text \<open>A strict kink of ps at m + 1 leaves room to subtract a hinge there.\<close>
lemma hinge_sum_nonneg_at_kink:
  assumes ps: "ps \<in> convex_vanishing (Suc (Suc m))"
    and max: "\<And>p. p \<in> convex_vanishing (Suc (Suc m)) \<Longrightarrow>
      (\<Sum>k<Suc (Suc m). r k * p k) \<le> (\<Sum>k<Suc (Suc m). r k * ps k)"
    and kink: "2 * ps (Suc m) < ps m"
  shows "hinge_sum r (Suc m) \<ge> 0"
proof -
  define c where "c = ps m - 2 * ps (Suc m)"
  have "c = ps (Suc m + 1) - 2 * ps (Suc m) + ps (Suc m - 1)"
    using ps by (simp add: c_def convex_vanishing_def)
  then have "convex_seq (\<lambda>k. ps k - c * hinge (Suc m) k)"
    using ps kink by (intro convex_seq_minus_hinge) (auto simp: c_def convex_vanishing_def)
  then have "(\<lambda>k. ps k - c * hinge (Suc m) k) \<in> convex_vanishing (Suc (Suc m))"
    using ps by (auto simp: convex_vanishing_def hinge_eq_0)
  then have "(\<Sum>k<Suc (Suc m). r k * (ps k - c * hinge (Suc m) k)) \<le> (\<Sum>k<Suc (Suc m). r k * ps k)"
    by (rule max)
  then have "c * (\<Sum>k<Suc (Suc m). r k * hinge (Suc m) k) \<ge> 0"
    by (simp add: right_diff_distrib sum_subtractf sum_distrib_left algebra_simps)
  then show ?thesis
    using kink hinge_sum_eq_sum_lessThan[of "Suc m" "Suc (Suc m)" r]
    by (simp add: c_def zero_le_mult_iff)
qed

lemma sum_mult_convex_class_nonpos_of_max_convex_vanishing:
  assumes ps: "ps \<in> convex_vanishing (Suc (Suc m))"
    and max: "\<And>p. p \<in> convex_vanishing (Suc (Suc m)) \<Longrightarrow>
      (\<Sum>k<Suc (Suc m). r k * p k) \<le> (\<Sum>k<Suc (Suc m). r k * ps k)"
    and kink: "2 * ps (Suc m) < ps m"
    and p: "p \<in> convex_class"
  shows "(\<Sum>k<Suc (Suc m). r k * p k) \<le> 0"
proof -
  have hinge_nonpos: "hinge_sum r j \<le> 0" if "1 \<le> j" "j \<le> Suc (Suc m)" for j
    using hinge_sum_nonpos_of_max_convex_vanishing[OF ps max that] .
  have "(\<Sum>k<Suc (Suc m). r k)
      = (\<Sum>k<Suc (Suc m). r k * hinge (Suc (Suc m)) k) - (\<Sum>k<Suc (Suc m). r k * hinge (Suc m) k)"
    unfolding sum_subtractf[symmetric]
    by (intro sum.cong) (auto simp: hinge_def algebra_simps of_nat_diff)
  also have "\<dots> = hinge_sum r (Suc (Suc m)) - hinge_sum r (Suc m)"
    by (simp only: hinge_sum_eq_sum_lessThan[of "Suc (Suc m)" "Suc (Suc m)" r, OF order_refl]
        hinge_sum_eq_sum_lessThan[of "Suc m" "Suc (Suc m)" r, OF le_SucI[OF order_refl]])
  also have "\<dots> \<le> 0"
    using hinge_nonpos[of "Suc (Suc m)"] hinge_sum_nonneg_at_kink[OF ps max kink] by simp
  finally show ?thesis
    using sum_mult_convex_class_nonpos[OF p, where m = "Suc m"] hinge_nonpos by simp
qed
(* Fix $\alpha\in\mathbb{D}\setminus\{0\}$, let $\psi(z)=\frac{\sqrt{1-|\alpha|^2}}{1-\bar\alpha z}$ and $\theta(z)=\frac{\bar\alpha}{\alpha}\frac{\alpha-z}{1-\bar\alpha z}$, let $W_{\psi,\theta}f=\psi\cdot(f\circ\theta)$ on $H^2(\mathbb{D})$, and let $C_{\psi,\theta}=W_{\psi,\theta}J_{H^2(\mathbb{D})}$, i.e. $(C_{\psi,\theta}f)(z)=\psi(z)\overline{f(\overline{\theta(z)})}$, which is a conjugation on $H^2(\mathbb{D})$. Let $\varphi=\sum_{n=-\infty}^\infty\varphi_nz^n\in L^\infty(\mathbb{T})$. Then $T_\varphi$ is $C_{\psi,\theta}$-symmetric if and only if \[ \varphi_{m-n}=\sum_{i,j=0}^\infty u_{m,j}\,\varphi_{i-j}\,\overline{u_{i,n}}\qquad(m,n\in\mathbb{Z}_+), \] where \[ u_{i,j}=\sqrt{1-|\alpha|^2}\sum_{m=0}^{\min\{i,j\}}\frac{(-1)^m}{\alpha^m}\binom{i}{m}\bar\alpha^{\,i+j-m}\binom{i+j-m}{i}\qquad(i,j\in\mathbb{Z}_+). \]
   Context: A conjugation is an anti-linear, involutive, isometric map; $T$ is $C$-symmetric if $CT^*C=T$. $H^2(\mathbb{D})$ is the Hardy space of the disc with basis $\{z^n\}$; $J_{H^2(\mathbb{D})}(\sum a_nz^n)=\sum\bar a_nz^n$; $T_\varphi f=P_{H^2(\mathbb{D})}(\varphi f)$. (The numbers $u_{i,j}$ equal $\langle W_{\psi,\theta}z^i,z^j\rangle$.) *)

theory Defs
  imports "HOL-Analysis.Analysis"
begin

text \<open>The Hardy space H^2(D) is modelled via the orthonormal basis z^n:
  an element is its sequence of Taylor coefficients (square summable).\<close>

definition H2 :: "(nat \<Rightarrow> complex) set" where
  "H2 = {a. summable (\<lambda>n. (cmod (a n))\<^sup>2)}"

definition h2_inner :: "(nat \<Rightarrow> complex) \<Rightarrow> (nat \<Rightarrow> complex) \<Rightarrow> complex" where
  "h2_inner a b = (\<Sum>n. a n * cnj (b n))"

definition h2_fun :: "(nat \<Rightarrow> complex) \<Rightarrow> complex \<Rightarrow> complex" where
  "h2_fun a z = (\<Sum>n. a n * z ^ n)"

definition taylor_coeffs :: "(complex \<Rightarrow> complex) \<Rightarrow> nat \<Rightarrow> complex" where
  "taylor_coeffs g n = (deriv ^^ n) g 0 / of_nat (fact n)"

definition J_H2 :: "(nat \<Rightarrow> complex) \<Rightarrow> nat \<Rightarrow> complex" where
  "J_H2 a = (\<lambda>n. cnj (a n))"

definition psi_fn :: "complex \<Rightarrow> complex \<Rightarrow> complex" where
  "psi_fn \<alpha> z = complex_of_real (sqrt (1 - (cmod \<alpha>)\<^sup>2)) / (1 - cnj \<alpha> * z)"

definition theta_fn :: "complex \<Rightarrow> complex \<Rightarrow> complex" where
  "theta_fn \<alpha> z = (cnj \<alpha> / \<alpha>) * ((\<alpha> - z) / (1 - cnj \<alpha> * z))"

definition W_op :: "complex \<Rightarrow> (nat \<Rightarrow> complex) \<Rightarrow> nat \<Rightarrow> complex" where
  "W_op \<alpha> a = taylor_coeffs (\<lambda>z. psi_fn \<alpha> z * h2_fun a (theta_fn \<alpha> z))"

definition C_op :: "complex \<Rightarrow> (nat \<Rightarrow> complex) \<Rightarrow> nat \<Rightarrow> complex" where
  "C_op \<alpha> = W_op \<alpha> \<circ> J_H2"

definition is_adjoint :: "((nat \<Rightarrow> complex) \<Rightarrow> nat \<Rightarrow> complex) \<Rightarrow> ((nat \<Rightarrow> complex) \<Rightarrow> nat \<Rightarrow> complex) \<Rightarrow> bool" where
  "is_adjoint T S \<longleftrightarrow> (\<forall>g\<in>H2. S g \<in> H2) \<and>
     (\<forall>f\<in>H2. \<forall>g\<in>H2. h2_inner (T f) g = h2_inner f (S g))"

definition C_symmetric :: "((nat \<Rightarrow> complex) \<Rightarrow> nat \<Rightarrow> complex) \<Rightarrow> ((nat \<Rightarrow> complex) \<Rightarrow> nat \<Rightarrow> complex) \<Rightarrow> bool" where
  "C_symmetric C T \<longleftrightarrow> (\<exists>S. is_adjoint T S \<and> (\<forall>f\<in>H2. C (S (C f)) = T f))"

definition L_infty_circle :: "(complex \<Rightarrow> complex) \<Rightarrow> bool" where
  "L_infty_circle \<phi> \<longleftrightarrow> (\<lambda>t. \<phi> (cis t)) \<in> borel_measurable lborel \<and>
     (\<exists>M. AE t in lborel. t \<in> {0..2*pi} \<longrightarrow> cmod (\<phi> (cis t)) \<le> M)"

definition fourier_coeff :: "(complex \<Rightarrow> complex) \<Rightarrow> int \<Rightarrow> complex" where
  "fourier_coeff \<phi> n = (LINT t:{0..2*pi}|lborel. \<phi> (cis t) * cis (- (of_int n * t))) / (2 * pi)"

text \<open>Toeplitz operator T_phi f = P(phi f), written in the basis z^n:
  the m-th coefficient of P(phi f) is sum_k phi_(m-k) f_k.\<close>
definition toeplitz :: "(complex \<Rightarrow> complex) \<Rightarrow> (nat \<Rightarrow> complex) \<Rightarrow> nat \<Rightarrow> complex" where
  "toeplitz \<phi> a = (\<lambda>m. \<Sum>k. fourier_coeff \<phi> (int m - int k) * a k)"

definition u_coeff :: "complex \<Rightarrow> nat \<Rightarrow> nat \<Rightarrow> complex" where
  "u_coeff \<alpha> i j = complex_of_real (sqrt (1 - (cmod \<alpha>)\<^sup>2)) *
     (\<Sum>m = 0..min i j. ((-1) ^ m / \<alpha> ^ m) * of_nat (i choose m) *
        cnj \<alpha> ^ (i + j - m) * of_nat ((i + j - m) choose i))"

end

theory Submission
  imports Defs
begin

text \<open>The numbers \<open>u\<^sub>i\<^sub>,\<^sub>j\<close> are the Taylor coefficients of \<open>\<psi> \<theta>\<^sup>i\<close>, so in the basis \<open>z\<^sup>n\<close> the
  conjugation \<open>C\<close> acts on conjugated coefficient sequences by the symmetric matrix \<open>u\<close>.
  Since \<open>|\<theta>| = 1\<close> on the circle and \<open>\<theta>(\<alpha>) = 0\<close>, Parseval's identity shows that the rows of \<open>u\<close>
  are orthonormal, so \<open>u\<close> is a contraction of \<open>\<ell>\<^sup>2\<close>. For any adjoint \<open>S\<close> of \<open>T\<^sub>\<phi>\<close>, the
  coefficients of \<open>S g\<close> are \<open>\<langle>T\<^sub>\<phi> z\<^sup>i, g\<rangle>\<close>; hence \<open>(C S C z\<^sup>n)\<^sub>m\<close> is the right-hand side of the
  stated identity while \<open>(T\<^sub>\<phi> z\<^sup>n)\<^sub>m = \<phi>\<^sub>m\<^sub>-\<^sub>n\<close>. This gives necessity. For sufficiency, the
  conjugate transposed Toeplitz matrix is an adjoint of \<open>T\<^sub>\<phi>\<close>, and the bounded linear maps
  \<open>C S C\<close> and \<open>T\<^sub>\<phi>\<close> agree on the basis, hence on \<open>H\<^sup>2\<close>.\<close>

section \<open>Absolutely convergent double series\<close>

lemma infsum_nat_eq_suminf:
  fixes f :: "nat \<Rightarrow> 'a::banach"
  assumes "summable (\<lambda>n. norm (f n))"
  shows "infsum f UNIV = suminf f"
  using norm_summable_imp_has_sum[OF assms, of "suminf f"] assms
  by (metis infsumI summable_norm_cancel summable_sums)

- **PROBLEM TO WORK ON**
Which lines hold the word "identity"? Return all of them from the records above.

- **EXPECTED ANSWER**
  Since \<open>|\<theta>| = 1\<close> on the circle and \<open>\<theta>(\<alpha>) = 0\<close>, Parseval's identity shows that the rows of \<open>u\<close>
  stated identity while \<open>(T\<^sub>\<phi> z\<^sup>n)\<^sub>m = \<phi>\<^sub>m\<^sub>-\<^sub>n\<close>. This gives necessity. For sufficiency, the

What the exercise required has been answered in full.